[INSTRUCTIONS TO FOLLOW]
For the data that follows, give the number of lines in which "functions" appears. Add nothing to it.

[SOURCE DATA]
══════

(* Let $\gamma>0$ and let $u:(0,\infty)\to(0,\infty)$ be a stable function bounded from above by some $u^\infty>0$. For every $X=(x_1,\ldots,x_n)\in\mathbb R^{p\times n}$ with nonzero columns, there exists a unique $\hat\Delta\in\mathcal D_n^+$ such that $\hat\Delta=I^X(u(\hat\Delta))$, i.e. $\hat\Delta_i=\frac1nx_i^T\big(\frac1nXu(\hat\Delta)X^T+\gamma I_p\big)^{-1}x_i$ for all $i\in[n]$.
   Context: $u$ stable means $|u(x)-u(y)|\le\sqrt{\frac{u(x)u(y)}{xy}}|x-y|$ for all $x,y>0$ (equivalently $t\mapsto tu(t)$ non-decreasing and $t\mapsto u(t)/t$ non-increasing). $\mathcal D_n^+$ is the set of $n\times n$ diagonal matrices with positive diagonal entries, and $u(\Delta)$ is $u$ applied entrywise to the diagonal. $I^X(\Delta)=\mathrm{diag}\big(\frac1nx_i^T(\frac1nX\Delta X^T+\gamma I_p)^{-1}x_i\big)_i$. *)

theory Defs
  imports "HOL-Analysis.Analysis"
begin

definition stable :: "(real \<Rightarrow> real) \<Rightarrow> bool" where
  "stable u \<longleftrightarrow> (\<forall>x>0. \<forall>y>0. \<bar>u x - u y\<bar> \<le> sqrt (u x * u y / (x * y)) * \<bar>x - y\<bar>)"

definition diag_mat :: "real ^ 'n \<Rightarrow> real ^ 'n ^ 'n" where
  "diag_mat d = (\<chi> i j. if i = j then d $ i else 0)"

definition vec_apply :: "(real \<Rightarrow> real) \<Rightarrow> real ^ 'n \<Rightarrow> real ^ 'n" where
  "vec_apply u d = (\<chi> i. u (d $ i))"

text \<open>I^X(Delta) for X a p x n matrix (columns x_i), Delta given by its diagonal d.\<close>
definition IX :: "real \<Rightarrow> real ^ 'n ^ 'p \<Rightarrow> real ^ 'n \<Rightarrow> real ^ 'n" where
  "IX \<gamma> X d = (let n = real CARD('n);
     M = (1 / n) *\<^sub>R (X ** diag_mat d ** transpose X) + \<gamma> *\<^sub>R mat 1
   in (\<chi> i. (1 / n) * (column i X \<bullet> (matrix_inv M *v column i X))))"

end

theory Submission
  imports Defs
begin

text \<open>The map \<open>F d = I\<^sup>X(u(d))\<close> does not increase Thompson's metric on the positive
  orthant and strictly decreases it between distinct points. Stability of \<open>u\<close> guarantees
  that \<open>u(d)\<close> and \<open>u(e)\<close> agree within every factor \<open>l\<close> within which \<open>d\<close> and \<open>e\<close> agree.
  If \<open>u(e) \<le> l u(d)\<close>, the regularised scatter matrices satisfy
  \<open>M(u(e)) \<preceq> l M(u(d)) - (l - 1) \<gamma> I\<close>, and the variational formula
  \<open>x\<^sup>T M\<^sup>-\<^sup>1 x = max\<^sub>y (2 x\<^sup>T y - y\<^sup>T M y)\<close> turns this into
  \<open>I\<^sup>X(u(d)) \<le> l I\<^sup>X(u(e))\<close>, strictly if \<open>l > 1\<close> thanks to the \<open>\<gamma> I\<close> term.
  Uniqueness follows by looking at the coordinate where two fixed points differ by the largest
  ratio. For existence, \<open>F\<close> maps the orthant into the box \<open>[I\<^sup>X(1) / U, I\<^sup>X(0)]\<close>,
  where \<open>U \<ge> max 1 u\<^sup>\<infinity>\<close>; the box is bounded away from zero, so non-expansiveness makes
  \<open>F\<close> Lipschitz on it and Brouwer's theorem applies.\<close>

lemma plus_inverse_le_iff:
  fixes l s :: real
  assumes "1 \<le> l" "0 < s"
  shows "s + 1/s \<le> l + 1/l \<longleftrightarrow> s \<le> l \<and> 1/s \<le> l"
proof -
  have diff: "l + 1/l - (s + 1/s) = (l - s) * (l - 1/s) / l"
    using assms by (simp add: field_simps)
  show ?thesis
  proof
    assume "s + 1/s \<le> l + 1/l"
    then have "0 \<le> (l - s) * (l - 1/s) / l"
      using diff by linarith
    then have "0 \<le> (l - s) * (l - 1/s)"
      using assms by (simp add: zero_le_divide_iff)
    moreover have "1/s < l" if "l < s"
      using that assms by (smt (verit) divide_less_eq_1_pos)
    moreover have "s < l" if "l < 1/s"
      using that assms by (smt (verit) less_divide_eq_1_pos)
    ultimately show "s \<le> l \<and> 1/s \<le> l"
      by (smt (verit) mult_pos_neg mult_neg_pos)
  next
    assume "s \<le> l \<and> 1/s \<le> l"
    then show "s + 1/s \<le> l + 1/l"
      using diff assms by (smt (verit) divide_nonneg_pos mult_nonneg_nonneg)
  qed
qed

══════

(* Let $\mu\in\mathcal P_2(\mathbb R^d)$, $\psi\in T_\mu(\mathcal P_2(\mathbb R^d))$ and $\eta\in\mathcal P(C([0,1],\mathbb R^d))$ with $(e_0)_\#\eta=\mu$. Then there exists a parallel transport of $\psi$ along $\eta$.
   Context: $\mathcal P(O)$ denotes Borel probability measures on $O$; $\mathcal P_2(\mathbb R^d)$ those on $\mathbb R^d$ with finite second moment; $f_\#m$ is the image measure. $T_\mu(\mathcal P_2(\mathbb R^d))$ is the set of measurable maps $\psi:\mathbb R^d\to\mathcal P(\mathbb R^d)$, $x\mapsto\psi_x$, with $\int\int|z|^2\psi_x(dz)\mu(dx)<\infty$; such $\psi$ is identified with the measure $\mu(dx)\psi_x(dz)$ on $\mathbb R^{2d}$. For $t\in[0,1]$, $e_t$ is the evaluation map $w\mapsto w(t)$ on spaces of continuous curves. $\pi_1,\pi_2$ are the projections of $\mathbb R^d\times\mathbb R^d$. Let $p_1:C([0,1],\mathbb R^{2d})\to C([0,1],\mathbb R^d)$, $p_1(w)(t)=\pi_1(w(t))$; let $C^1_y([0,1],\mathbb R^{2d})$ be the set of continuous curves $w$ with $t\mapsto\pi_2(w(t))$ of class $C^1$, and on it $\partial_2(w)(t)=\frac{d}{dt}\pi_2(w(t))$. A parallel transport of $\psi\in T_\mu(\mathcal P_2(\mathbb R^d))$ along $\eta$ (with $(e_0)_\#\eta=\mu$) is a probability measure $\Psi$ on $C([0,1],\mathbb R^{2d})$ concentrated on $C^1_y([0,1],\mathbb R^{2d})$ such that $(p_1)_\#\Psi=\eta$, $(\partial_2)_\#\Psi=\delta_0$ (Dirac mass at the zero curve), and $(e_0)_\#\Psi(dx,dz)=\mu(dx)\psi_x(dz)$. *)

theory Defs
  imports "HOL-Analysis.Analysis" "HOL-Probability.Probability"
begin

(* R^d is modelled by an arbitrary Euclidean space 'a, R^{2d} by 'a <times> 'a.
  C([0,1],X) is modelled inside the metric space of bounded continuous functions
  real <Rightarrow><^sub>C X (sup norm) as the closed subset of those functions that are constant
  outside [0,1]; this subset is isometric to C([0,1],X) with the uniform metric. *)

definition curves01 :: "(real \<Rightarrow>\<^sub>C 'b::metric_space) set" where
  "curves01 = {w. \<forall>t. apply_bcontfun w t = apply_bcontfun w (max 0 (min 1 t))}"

══════

[ANSWER FOR THIS EXERCISE]
2